You're right that determining gravitational boundedness at large distances is difficult. Quick recap of the information on hand regarding the positions and velocities:

  • Angular separation between any two galaxies
  • Redshift

Which is really not a whole lot to work with. You can't get a handle on the (projected) physical separation without knowing the distance. And you can't get the peculiar velocity (line of sight component) without the distance so that you can use Hubble's law, and you can't get an accurate-ish distance from Hubble's law because you don't know the peculiar velocity...
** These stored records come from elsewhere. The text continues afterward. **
text \<open>For \<open>m \<ge> 1\<close> every admissible order on \<open>{1..m}\<close> extends in two different ways to an
  admissible order on \<open>{1..m+1}\<close>: by ranking \<open>m+1\<close> last, and by a second construction
  in which \<open>m+1\<close> is not last. If \<open>m \<in> A\<close>, the second one exchanges the labels \<open>m\<close> and
  \<open>m+1\<close> in the first; if \<open>m \<notin> A\<close>, it inserts \<open>m+1\<close> right next to \<open>m\<close>, so that every
  new triple \<open>(i, j, m+1)\<close> behaves like the old triple \<open>(i, j, m)\<close>. Both extensions are
  injective, hence \<open>f (m+1) A \<ge> 2 f m A\<close>, and with \<open>f 1 A = 1\<close> this gives \<open>f n A \<ge> 2^(n-1)\<close>.\<close>

definition insert_cut :: "'a set \<Rightarrow> 'a rel \<Rightarrow> 'a set \<Rightarrow> 'a \<Rightarrow> 'a rel" where
  "insert_cut S r D n = r \<union> D \<times> {n} \<union> {n} \<times> (S - D) \<union> {(n, n)}"

lemma in_insert_cut:
  assumes "r \<subseteq> S \<times> S" and "D \<subseteq> S" and "n \<notin> S"
  shows "(a, b) \<in> insert_cut S r D n \<longleftrightarrow>
    (if a = n then b = n \<or> b \<in> S - D else if b = n then a \<in> D else (a, b) \<in> r)"
  using assms by (auto simp: insert_cut_def)

lemma insert_cut_Int_Times:
  assumes "r \<subseteq> S \<times> S" and "n \<notin> S"
  shows "insert_cut S r D n \<inter> S \<times> S = r"
  using assms by (auto simp: insert_cut_def)

lemma in_insert_cut_after:
  assumes "linear_order_on S r" and "n \<notin> S" and "c \<in> S" and "b \<in> S"
  shows "(n, b) \<in> insert_cut S r {x. (x, c) \<in> r} n \<longleftrightarrow> (c, b) \<in> r \<and> b \<noteq> c"
proof -
  have sub: "r \<subseteq> S \<times> S" and "antisym r" and "total_on S r" and "refl_on S r"
    using assms(1) by (auto simp: order_on_defs)
  have "(n, b) \<in> insert_cut S r {x. (x, c) \<in> r} n \<longleftrightarrow> (b, c) \<notin> r"
    using sub assms(2,4) by (auto simp: insert_cut_def)
  also have "\<dots> \<longleftrightarrow> (c, b) \<in> r \<and> b \<noteq> c"
    using \<open>antisym r\<close> \<open>total_on S r\<close> \<open>refl_on S r\<close> assms(3,4)
    unfolding total_on_def refl_on_def by (metis antisymD)
  finally show ?thesis .
qed

lemma trans_insert_cut:
  assumes sub: "r \<subseteq> S \<times> S" and tr: "trans r" and tot: "total_on S r"
    and "D \<subseteq> S" and "n \<notin> S" and down: "\<And>x y. (y, x) \<in> r \<Longrightarrow> x \<in> D \<Longrightarrow> y \<in> D"
  shows "trans (insert_cut S r D n)"
proof (rule transI)
  note mem = in_insert_cut[OF sub \<open>D \<subseteq> S\<close> \<open>n \<notin> S\<close>]
  have below: "(x, z) \<in> r" if "x \<in> D" and "z \<in> S - D" for x z
  proof -
    have "x \<noteq> z" "x \<in> S" using that \<open>D \<subseteq> S\<close> by auto
    then have "(x, z) \<in> r \<or> (z, x) \<in> r" using tot that by (auto simp: total_on_def)
    then show ?thesis using down that by blast
  qed
  fix x y z
  assume xy: "(x, y) \<in> insert_cut S r D n" and yz: "(y, z) \<in> insert_cut S r D n"
  consider "y = n" | "x = n" "y \<noteq> n" | "x \<noteq> n" "y \<noteq> n"
    by blast
  then show "(x, z) \<in> insert_cut S r D n"
  proof cases
    case 1
    then show ?thesis using xy yz below \<open>n \<notin> S\<close> unfolding mem by (auto split: if_splits)
  next
    case 2
    then have "y \<in> S - D" using xy unfolding mem by simp
    then have "z \<noteq> n" "(y, z) \<in> r" using yz 2 unfolding mem by (auto split: if_splits)
    then have "z \<in> S - D" using sub down \<open>y \<in> S - D\<close> by blast
    then show ?thesis using 2 \<open>z \<noteq> n\<close> unfolding mem by simp
  next
    case 3
    then have "(x, y) \<in> r" using xy unfolding mem by simp
    show ?thesis
    proof (cases "z = n")
      case True
      then show ?thesis using 3 yz down \<open>(x, y) \<in> r\<close> unfolding mem by auto
    next
      case False
      then have "(y, z) \<in> r" using 3 yz unfolding mem by simp
      then show ?thesis using False 3 transD[OF tr \<open>(x, y) \<in> r\<close>] unfolding mem by simp
    qed
  qed
qed

lemma linear_order_on_insert_cut:
  assumes lin: "linear_order_on S r" and "D \<subseteq> S" and "n \<notin> S"
    and down: "\<And>x y. (y, x) \<in> r \<Longrightarrow> x \<in> D \<Longrightarrow> y \<in> D"
  shows "linear_order_on (insert n S) (insert_cut S r D n)"
proof -
  have sub: "r \<subseteq> S \<times> S" and "refl_on S r" and "trans r" and "antisym r"
    and tot: "total_on S r"
    using lin by (auto simp: order_on_defs)
  note mem = in_insert_cut[OF sub \<open>D \<subseteq> S\<close> \<open>n \<notin> S\<close>]
  have "trans (insert_cut S r D n)"
    using trans_insert_cut[OF sub \<open>trans r\<close> tot \<open>D \<subseteq> S\<close> \<open>n \<notin> S\<close> down] .
  moreover have "insert_cut S r D n \<subseteq> insert n S \<times> insert n S"
    using sub \<open>D \<subseteq> S\<close> by (auto simp: insert_cut_def)
  moreover have "refl_on (insert n S) (insert_cut S r D n)"
    using \<open>refl_on S r\<close> by (auto simp: refl_on_def insert_cut_def)
  moreover have "antisym (insert_cut S r D n)"
    using \<open>antisym r\<close> sub unfolding antisym_def mem by (auto split: if_splits)
  moreover have "total_on (insert n S) (insert_cut S r D n)"
    using tot unfolding total_on_def mem by auto
  ultimately show ?thesis
    unfolding order_on_defs by blast
qed

lemma linear_order_on_inv_image:
  assumes lin: "linear_order_on S r" and inv: "\<And>x. g (g x) = x" and "g ` S \<subseteq> S"
  shows "linear_order_on S (inv_image r g)"
proof -
  have mem: "g x \<in> S \<longleftrightarrow> x \<in> S" for x
    using \<open>g ` S \<subseteq> S\<close> inv by (metis image_subset_iff)
  have "inj g"
    using inv by (metis injI)
  have "inv_image r g \<subseteq> S \<times> S"
    using lin by (auto simp: order_on_defs mem)
  moreover have "refl_on S (inv_image r g)"
    using lin by (auto simp: order_on_defs refl_on_def mem)
  moreover have "trans (inv_image r g)"
    using lin by (simp add: order_on_defs trans_inv_image)
  moreover have "antisym (inv_image r g)"
    using lin \<open>inj g\<close> by (auto simp: order_on_defs antisym_def dest: injD)
  moreover have "total_on S (inv_image r g)"
    using lin unfolding order_on_defs total_on_def in_inv_image by (metis mem inv)
  ultimately show ?thesis
    unfolding order_on_defs by blast
qed

lemma two_mul_card_le_of_disjoint_images:
  assumes "finite W" and "inj_on g X" and "inj_on h X" and "g ` X \<subseteq> W" and "h ` X \<subseteq> W"
    and "g ` X \<inter> h ` X = {}"
  shows "2 * card X \<le> card W"
proof -
  have "finite (g ` X)" "finite (h ` X)"
    using assms(1,4,5) finite_subset by auto
  then have "2 * card X = card (g ` X \<union> h ` X)"
    using assms(2,3,6) by (simp add: card_Un_disjoint card_image)
  also have "\<dots> \<le> card W"
    using assms(1,4,5) by (simp add: card_mono)
  finally show ?thesis .
qed

definition good_triple :: "nat set \<Rightarrow> nat rel \<Rightarrow> nat \<Rightarrow> nat \<Rightarrow> nat \<Rightarrow> bool" where
  "good_triple B q i j k \<longleftrightarrow>
     (j \<in> B \<longrightarrow> \<not> ((j, i) \<in> q \<and> (k, i) \<in> q)) \<and> (j \<notin> B \<longrightarrow> \<not> ((k, i) \<in> q \<and> (k, j) \<in> q))"

definition admissible :: "nat \<Rightarrow> nat set \<Rightarrow> nat rel \<Rightarrow> bool" where
  "admissible m B q \<longleftrightarrow>
     (\<forall>i j k. 1 \<le> i \<and> i < j \<and> j < k \<and> k \<le> m \<longrightarrow> good_triple B q i j k)"

definition admissible_orders :: "nat \<Rightarrow> nat set \<Rightarrow> nat rel set" where
  "admissible_orders m B = {q. linear_order_on {1..m} q \<and> admissible m B q}"

lemma f_eq_card_admissible_orders: "f m B = card (admissible_orders m B)"
  by (simp add: f_def admissible_orders_def admissible_def good_triple_def)

lemma admissible_ordersD:
  assumes "q \<in> admissible_orders m B"
  shows "linear_order_on {1..m} q" and "q \<subseteq> {1..m} \<times> {1..m}" and "admissible m B q"
  using assms by (auto simp: admissible_orders_def order_on_defs)

lemma finite_admissible_orders: "finite (admissible_orders m B)"
proof (rule finite_subset)
  show "admissible_orders m B \<subseteq> Pow ({1..m} \<times> {1..m})"
    using admissible_ordersD(2) by blast
qed simp

lemma good_triple_inv_image:
  "g i = i \<Longrightarrow> g j = j \<Longrightarrow> good_triple B (inv_image r g) i j k \<longleftrightarrow> good_triple B r i j (g k)"
  by (simp add: good_triple_def)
But there are some tricks astronomers use to try and do better. It helps if you have a redshift independent measure of the distance to the galaxies, but beyond the local Universe only SNIa luminosity tends to be any use, and you'd need to be uncommonly lucky to get SNIa measurements in the two galaxies you happen to be interested in. There are also the Tully-Fisher and Faber-Jackson relations (thanks Chris White for the reminder) that can help with distances, but the scatter in these relations is large enough that it's essentially useless for determining boundedness (this is actually also true of the SNIa measurements, usually).

About the best we can do is come up with bound pair/group candidates and then try and reinforce or invalidate that hypothesis. Coming up with candidates is pretty easy - you look for galaxies with small angular separations, and that have similar redshifts within some tolerance. There's always a chance you could have closer galaxy with positive peculiar velocity and a more distant galaxy with a negative peculiar velocity conspire and have a similar redshift, so this doesn't confirm that the two galaxies have similar distances, but it can refute it. If the two galaxies have a velocity offset (velocity in the sense of peculiar + recessional) of say $15,000\,{\rm km}/{\rm s}$, you can be quite certain that they are not bound.

Another thing people often look for is morphological disturbance. If a pair of galaxies are interacting enough to pull big tidal tails off of each other, then they are almost certainly gravitationally bound. A particularly striking example:

the very-interacting antenna galaxy pair

No one argues that this pair is gravitationally bound! For a more technical overview, here is a recent paper that uses morphological disturbances to look for mergers/interacting pairs.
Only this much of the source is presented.